Millions of viewers could be cut off from watching TV in Britain as a result of new high speed 4G mobile phone signals.
Around 40,000 homes will lose their signal entirely and will be forced to use alternatives such as satellite or cable to receive a TV signal.
The firm monitoring the problem admitted that distributing filters to 2.3 million viewers before the networks go live was a race against time.
With the TV services switching over to digital, a band earlier used by TV is being diverted to phone firms to offer high speed 4G services. This 800 MHz band is currently being auctioned by Ofcom to companies that wish to provide 4G services, the Daily Mail reports.
In certain circumstances, it is possible that new 4G services at 800 MHz could interfere with some existing terrestrial digital TV signals, meaning that viewers will need to fit a filter or, in around 40,000 cases, use cable or satellite providers.
Digital Mobile Spectrum Limited (DMSL), a new company funded by 180 million pounds of the proceeds of the ongoing 4G radio spectrum auction, is in charge of the problem.
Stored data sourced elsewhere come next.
(* Let $\Omega$ be a region of $\mathbb{C}$ and let $F:\Omega\to\mathbb{M}_n$ be analytic. Suppose that for each $k=1,\ldots,n$ the function $z\mapsto s_k(F(z))$ attains its maximum value on $\Omega$ (at some point $z_k\in\Omega$, possibly different for different $k$). Then $F$ is constant on $\Omega$.
   Context: A region is a nonempty open connected subset of $\mathbb{C}$. $\mathbb{M}_n$ is the set of $n\times n$ complex matrices; $F$ is analytic if each entry is analytic. For $A\in\mathbb{M}_n$, the singular values $s_1(A)\geq s_2(A)\geq\cdots\geq s_n(A)\geq 0$ are the nonnegative square roots of the eigenvalues of $A^*A$, listed in nonincreasing order. *)

theory Defs
  imports "HOL-Analysis.Analysis" "HOL-Computational_Algebra.Fundamental_Theorem_Algebra"
begin

definition adjoint_mat :: "complex^'n^'n \<Rightarrow> complex^'n^'n" where
  "adjoint_mat A = (\<chi> i j. cnj (A $ j $ i))"

definition charpoly :: "complex^'n^'n \<Rightarrow> complex poly" where
  "charpoly A = det (\<chi> i j. (if i = j then [:0, 1:] else 0) - [:A $ i $ j:])"

text \<open>Eigenvalues of A^* A counted with algebraic multiplicity (they are real and
  nonnegative), listed in nonincreasing order.\<close>
definition sv_eigs :: "complex^'n^'n \<Rightarrow> real list" where
  "sv_eigs A = rev (sorted_list_of_multiset
       (image_mset Re (proots (charpoly (adjoint_mat A ** A)))))"

definition sing_val :: "nat \<Rightarrow> complex^'n^'n \<Rightarrow> real" where
  "sing_val k A = sqrt (sv_eigs A ! (k - 1))"

end

(*
  Let \<lambda>\<^sub>1(A) \<ge> ... \<ge> \<lambda>\<^sub>n(A) be the eigenvalues of A\<^sup>* A, so that s\<^sub>k(A) = sqrt \<lambda>\<^sub>k(A), and let
  z\<^sub>k be a point where s\<^sub>k(F z) is maximal. By induction on k we build orthonormal vectors
  v\<^sub>1, ..., v\<^sub>k such that F(z) v\<^sub>i does not depend on z and v\<^sub>i is an eigenvector of
  F(z)\<^sup>* F(z) with eigenvalue \<lambda>\<^sub>i(F z\<^sub>i), for every z. For each z the v\<^sub>i then span
  eigenvectors of the k largest eigenvalues, so \<lambda>\<^sub>k\<^sub>+\<^sub>1(F z) is the maximum of \<parallel>F(z) y\<parallel>\<^sup>2 over
  unit vectors y orthogonal to them. Take such a maximiser x for z = z\<^sub>k\<^sub>+\<^sub>1. Then
  \<parallel>F(z) x\<parallel> \<le> \<parallel>F(z\<^sub>k\<^sub>+\<^sub>1) x\<parallel> for all z, and the maximum modulus principle applied to
  z \<mapsto> \<langle>F(z) x, F(z\<^sub>k\<^sub>+\<^sub>1) x\<rangle> forces F(z) x to be constant; Cauchy-Schwarz then makes x a
  common eigenvector. After n steps F(z) agrees with F(z\<^sub>0) on an orthonormal basis.
*)
theory Submission
  imports Defs "HOL-Complex_Analysis.Conformal_Mappings"
begin

section \<open>Complex inner product\<close>

definition cinner :: "complex^'n \<Rightarrow> complex^'n \<Rightarrow> complex" where
  "cinner x y = (\<Sum>i\<in>UNIV. x $ i * cnj (y $ i))"

lemma cinner_add_left: "cinner (x + y) z = cinner x z + cinner y z"
  by (simp add: cinner_def distrib_right sum.distrib)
The auction is expected to finish later this month, allowing mobile operators to begin building the 4G networks by the summer.
"We need to be fully operational by March to be in place to mitigate any interference issues," said Simon Beresford-Wylie, a telecom industry veteran appointed as chief executive of DMSL.
"We expect to be able to identify affected households. We will need to procure millions (of filters) in the first instance," he said.